*** Begin section ***

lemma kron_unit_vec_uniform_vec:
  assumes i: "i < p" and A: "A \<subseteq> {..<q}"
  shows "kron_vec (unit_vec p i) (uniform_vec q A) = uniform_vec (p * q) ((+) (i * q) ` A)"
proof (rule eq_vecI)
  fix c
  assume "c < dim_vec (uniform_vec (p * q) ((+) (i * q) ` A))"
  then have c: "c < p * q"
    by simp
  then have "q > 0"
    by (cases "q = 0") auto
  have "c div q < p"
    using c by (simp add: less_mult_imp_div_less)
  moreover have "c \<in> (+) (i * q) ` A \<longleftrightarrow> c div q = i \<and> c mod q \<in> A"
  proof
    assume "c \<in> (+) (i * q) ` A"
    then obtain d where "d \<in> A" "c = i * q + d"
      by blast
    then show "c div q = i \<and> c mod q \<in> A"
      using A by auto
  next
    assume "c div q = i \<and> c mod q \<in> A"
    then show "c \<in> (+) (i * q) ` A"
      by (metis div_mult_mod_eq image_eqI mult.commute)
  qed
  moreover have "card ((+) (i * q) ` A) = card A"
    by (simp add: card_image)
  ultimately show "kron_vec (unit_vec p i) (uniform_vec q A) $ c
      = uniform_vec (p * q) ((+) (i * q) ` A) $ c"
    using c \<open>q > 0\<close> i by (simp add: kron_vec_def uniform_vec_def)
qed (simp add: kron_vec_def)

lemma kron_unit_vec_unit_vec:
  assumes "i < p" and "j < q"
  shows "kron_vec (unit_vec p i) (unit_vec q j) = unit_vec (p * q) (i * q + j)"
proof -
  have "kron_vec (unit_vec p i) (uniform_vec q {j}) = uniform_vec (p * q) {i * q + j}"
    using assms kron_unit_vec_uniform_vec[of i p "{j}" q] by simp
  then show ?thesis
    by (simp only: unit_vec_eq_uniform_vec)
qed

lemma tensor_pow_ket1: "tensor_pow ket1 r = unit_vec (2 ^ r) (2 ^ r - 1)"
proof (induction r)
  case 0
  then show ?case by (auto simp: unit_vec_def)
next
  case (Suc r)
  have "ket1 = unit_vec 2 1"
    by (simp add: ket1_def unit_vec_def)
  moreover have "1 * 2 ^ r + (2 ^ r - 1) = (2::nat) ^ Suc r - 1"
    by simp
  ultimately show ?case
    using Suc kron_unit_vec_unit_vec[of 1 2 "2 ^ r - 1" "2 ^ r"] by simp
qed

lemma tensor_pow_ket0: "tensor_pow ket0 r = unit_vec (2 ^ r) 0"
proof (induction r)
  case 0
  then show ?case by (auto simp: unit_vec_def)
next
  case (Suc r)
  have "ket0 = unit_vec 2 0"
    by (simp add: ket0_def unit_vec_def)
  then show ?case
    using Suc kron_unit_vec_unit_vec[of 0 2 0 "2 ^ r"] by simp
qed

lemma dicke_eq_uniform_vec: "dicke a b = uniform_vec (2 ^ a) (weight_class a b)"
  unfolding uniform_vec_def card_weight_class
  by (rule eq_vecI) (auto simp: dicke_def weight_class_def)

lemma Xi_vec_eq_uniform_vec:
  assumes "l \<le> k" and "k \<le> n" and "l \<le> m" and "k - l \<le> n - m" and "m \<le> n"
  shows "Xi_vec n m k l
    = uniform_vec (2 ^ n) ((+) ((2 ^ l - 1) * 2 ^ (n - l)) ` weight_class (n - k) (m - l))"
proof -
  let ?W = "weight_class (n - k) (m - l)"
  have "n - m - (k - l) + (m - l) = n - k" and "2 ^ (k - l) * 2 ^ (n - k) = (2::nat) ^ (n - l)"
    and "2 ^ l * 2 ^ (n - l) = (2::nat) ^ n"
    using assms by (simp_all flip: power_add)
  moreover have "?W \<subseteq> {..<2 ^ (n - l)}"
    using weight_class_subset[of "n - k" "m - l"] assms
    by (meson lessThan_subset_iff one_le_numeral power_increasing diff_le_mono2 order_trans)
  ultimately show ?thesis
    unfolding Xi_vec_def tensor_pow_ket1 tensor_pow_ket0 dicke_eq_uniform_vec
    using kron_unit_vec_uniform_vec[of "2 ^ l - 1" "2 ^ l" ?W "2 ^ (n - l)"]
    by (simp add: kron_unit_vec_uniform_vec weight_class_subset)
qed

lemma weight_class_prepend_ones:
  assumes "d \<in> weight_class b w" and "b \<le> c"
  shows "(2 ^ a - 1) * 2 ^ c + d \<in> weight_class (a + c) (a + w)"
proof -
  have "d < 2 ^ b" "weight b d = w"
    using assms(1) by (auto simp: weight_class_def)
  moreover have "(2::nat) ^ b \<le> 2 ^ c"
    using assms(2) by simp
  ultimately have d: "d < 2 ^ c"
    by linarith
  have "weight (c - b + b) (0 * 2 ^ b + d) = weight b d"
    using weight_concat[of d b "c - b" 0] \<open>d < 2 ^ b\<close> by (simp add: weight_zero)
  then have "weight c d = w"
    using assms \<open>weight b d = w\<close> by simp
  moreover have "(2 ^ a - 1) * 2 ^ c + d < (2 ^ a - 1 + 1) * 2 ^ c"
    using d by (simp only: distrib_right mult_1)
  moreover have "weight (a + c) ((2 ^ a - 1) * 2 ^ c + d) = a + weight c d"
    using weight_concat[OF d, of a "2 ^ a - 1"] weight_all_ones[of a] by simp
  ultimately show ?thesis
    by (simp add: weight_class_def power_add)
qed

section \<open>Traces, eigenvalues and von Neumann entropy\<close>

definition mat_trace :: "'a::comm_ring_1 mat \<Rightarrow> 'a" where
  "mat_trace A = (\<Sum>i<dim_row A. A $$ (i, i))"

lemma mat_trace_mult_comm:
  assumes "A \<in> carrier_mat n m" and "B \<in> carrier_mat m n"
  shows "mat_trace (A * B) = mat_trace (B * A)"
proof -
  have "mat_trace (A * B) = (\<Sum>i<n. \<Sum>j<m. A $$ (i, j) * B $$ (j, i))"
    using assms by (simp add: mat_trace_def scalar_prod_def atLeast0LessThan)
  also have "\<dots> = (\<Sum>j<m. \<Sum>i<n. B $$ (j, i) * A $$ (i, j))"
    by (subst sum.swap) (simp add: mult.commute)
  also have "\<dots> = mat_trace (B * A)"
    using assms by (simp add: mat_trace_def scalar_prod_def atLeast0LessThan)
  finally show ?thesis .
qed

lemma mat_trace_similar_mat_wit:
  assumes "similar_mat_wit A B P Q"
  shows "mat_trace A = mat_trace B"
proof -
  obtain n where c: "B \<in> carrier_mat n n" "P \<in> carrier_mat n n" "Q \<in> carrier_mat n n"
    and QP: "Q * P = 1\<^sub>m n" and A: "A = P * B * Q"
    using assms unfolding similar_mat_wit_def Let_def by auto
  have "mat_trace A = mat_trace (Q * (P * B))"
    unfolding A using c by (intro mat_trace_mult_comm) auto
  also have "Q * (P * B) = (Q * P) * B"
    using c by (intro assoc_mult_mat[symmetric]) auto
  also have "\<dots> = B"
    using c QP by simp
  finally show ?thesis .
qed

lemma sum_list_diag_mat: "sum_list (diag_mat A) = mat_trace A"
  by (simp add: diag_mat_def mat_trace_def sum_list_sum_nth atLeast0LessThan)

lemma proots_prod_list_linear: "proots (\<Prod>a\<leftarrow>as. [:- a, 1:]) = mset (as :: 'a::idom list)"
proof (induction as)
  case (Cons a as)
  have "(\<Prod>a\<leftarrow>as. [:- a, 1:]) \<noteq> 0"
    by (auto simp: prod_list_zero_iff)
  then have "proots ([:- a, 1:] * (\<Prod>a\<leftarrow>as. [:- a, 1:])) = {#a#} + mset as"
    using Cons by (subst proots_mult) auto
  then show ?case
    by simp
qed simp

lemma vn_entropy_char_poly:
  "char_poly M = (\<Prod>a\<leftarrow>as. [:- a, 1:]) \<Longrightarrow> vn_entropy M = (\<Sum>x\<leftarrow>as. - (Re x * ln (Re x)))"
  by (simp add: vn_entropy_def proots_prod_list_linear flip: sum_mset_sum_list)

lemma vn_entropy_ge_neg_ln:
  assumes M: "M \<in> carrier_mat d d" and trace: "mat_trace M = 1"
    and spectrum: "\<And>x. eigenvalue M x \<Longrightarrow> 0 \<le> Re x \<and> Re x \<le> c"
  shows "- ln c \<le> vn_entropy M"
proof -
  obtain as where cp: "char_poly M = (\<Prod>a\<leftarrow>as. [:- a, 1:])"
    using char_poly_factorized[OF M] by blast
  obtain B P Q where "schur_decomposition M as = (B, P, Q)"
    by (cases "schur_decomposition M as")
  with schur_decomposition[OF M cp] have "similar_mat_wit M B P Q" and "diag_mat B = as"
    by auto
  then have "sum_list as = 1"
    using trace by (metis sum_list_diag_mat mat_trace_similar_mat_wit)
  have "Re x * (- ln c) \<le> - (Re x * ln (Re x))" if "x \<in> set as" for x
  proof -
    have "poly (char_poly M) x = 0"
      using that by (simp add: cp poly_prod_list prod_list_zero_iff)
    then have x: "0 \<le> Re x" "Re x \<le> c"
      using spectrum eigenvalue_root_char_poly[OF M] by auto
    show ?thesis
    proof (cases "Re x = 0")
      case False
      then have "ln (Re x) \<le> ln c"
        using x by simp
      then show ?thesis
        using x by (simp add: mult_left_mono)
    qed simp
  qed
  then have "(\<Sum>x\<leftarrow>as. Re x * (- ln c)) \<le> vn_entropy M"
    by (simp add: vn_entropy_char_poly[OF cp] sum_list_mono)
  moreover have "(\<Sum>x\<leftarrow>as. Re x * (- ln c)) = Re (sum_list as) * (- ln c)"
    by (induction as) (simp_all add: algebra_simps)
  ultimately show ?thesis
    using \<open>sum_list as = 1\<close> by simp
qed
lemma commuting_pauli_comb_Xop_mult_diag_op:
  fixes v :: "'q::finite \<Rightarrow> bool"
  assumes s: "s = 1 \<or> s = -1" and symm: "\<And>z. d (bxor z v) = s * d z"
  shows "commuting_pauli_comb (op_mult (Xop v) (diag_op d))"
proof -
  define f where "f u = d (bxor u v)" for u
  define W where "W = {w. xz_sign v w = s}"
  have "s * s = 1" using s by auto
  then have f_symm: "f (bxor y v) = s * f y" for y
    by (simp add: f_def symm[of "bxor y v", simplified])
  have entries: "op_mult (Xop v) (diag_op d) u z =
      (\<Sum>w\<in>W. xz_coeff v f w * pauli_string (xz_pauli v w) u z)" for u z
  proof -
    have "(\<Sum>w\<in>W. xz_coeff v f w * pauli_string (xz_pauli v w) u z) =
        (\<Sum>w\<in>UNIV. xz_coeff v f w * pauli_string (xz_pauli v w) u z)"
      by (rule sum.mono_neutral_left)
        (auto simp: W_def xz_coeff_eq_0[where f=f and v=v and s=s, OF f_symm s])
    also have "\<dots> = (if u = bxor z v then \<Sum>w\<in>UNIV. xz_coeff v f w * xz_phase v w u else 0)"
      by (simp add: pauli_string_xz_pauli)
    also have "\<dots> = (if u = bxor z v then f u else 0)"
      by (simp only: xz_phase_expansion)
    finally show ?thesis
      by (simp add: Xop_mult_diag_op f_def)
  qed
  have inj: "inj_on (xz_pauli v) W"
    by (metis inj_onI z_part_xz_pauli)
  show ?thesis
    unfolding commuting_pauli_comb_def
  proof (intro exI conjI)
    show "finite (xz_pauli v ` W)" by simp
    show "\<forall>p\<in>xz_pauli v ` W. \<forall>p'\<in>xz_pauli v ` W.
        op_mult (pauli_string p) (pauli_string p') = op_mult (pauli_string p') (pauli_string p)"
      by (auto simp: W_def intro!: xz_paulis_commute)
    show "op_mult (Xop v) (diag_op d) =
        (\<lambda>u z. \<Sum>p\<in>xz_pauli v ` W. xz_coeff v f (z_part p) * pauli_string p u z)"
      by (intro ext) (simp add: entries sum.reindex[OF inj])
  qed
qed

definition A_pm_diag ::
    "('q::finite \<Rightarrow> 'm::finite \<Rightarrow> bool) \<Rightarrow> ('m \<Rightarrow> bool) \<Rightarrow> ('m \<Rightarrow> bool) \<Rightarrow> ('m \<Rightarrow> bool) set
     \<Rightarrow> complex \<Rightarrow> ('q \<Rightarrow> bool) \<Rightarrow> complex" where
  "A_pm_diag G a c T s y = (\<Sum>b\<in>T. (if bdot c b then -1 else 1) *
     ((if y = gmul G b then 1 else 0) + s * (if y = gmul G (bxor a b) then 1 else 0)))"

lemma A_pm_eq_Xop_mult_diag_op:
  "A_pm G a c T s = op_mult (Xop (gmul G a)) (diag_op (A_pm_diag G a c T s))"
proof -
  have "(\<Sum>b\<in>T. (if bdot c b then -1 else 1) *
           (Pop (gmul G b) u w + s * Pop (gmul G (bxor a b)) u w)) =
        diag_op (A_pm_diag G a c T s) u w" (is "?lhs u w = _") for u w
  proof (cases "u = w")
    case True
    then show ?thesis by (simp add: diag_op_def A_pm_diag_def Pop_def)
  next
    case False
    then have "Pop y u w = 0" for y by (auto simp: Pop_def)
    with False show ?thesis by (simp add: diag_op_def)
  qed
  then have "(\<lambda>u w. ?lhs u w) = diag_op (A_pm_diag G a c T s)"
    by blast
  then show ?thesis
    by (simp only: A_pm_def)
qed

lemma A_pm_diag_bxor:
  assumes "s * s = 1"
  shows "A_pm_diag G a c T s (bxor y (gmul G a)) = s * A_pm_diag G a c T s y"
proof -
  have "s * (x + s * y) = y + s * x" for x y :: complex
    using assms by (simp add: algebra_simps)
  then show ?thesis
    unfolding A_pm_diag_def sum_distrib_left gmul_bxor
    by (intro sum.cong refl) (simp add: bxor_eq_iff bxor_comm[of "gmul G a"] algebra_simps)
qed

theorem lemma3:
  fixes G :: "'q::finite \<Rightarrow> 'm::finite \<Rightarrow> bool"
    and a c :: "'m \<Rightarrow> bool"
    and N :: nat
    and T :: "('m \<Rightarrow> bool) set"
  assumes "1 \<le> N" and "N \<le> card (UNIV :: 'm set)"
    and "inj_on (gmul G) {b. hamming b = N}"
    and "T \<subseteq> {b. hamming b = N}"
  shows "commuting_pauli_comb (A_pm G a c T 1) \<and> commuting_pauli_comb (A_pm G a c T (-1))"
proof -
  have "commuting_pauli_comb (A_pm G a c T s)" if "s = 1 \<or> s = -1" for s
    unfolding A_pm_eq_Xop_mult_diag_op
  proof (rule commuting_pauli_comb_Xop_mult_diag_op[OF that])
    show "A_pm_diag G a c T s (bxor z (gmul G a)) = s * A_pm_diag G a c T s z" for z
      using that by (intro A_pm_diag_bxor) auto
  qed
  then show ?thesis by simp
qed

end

*** End section ***

» Work order: From the listing above, output exactly the run of lines that starts with the line containing "by (rule sum.mono_neutral_left)" and ends with the line containing "W. \<forall>p'\<in>xz_pauli v".

» Exercise output:
      by (rule sum.mono_neutral_left)
        (auto simp: W_def xz_coeff_eq_0[where f=f and v=v and s=s, OF f_symm s])
    also have "\<dots> = (if u = bxor z v then \<Sum>w\<in>UNIV. xz_coeff v f w * xz_phase v w u else 0)"
      by (simp add: pauli_string_xz_pauli)
    also have "\<dots> = (if u = bxor z v then f u else 0)"
      by (simp only: xz_phase_expansion)
    finally show ?thesis
      by (simp add: Xop_mult_diag_op f_def)
  qed
  have inj: "inj_on (xz_pauli v) W"
    by (metis inj_onI z_part_xz_pauli)
  show ?thesis
    unfolding commuting_pauli_comb_def
  proof (intro exI conjI)
    show "finite (xz_pauli v ` W)" by simp
    show "\<forall>p\<in>xz_pauli v ` W. \<forall>p'\<in>xz_pauli v ` W.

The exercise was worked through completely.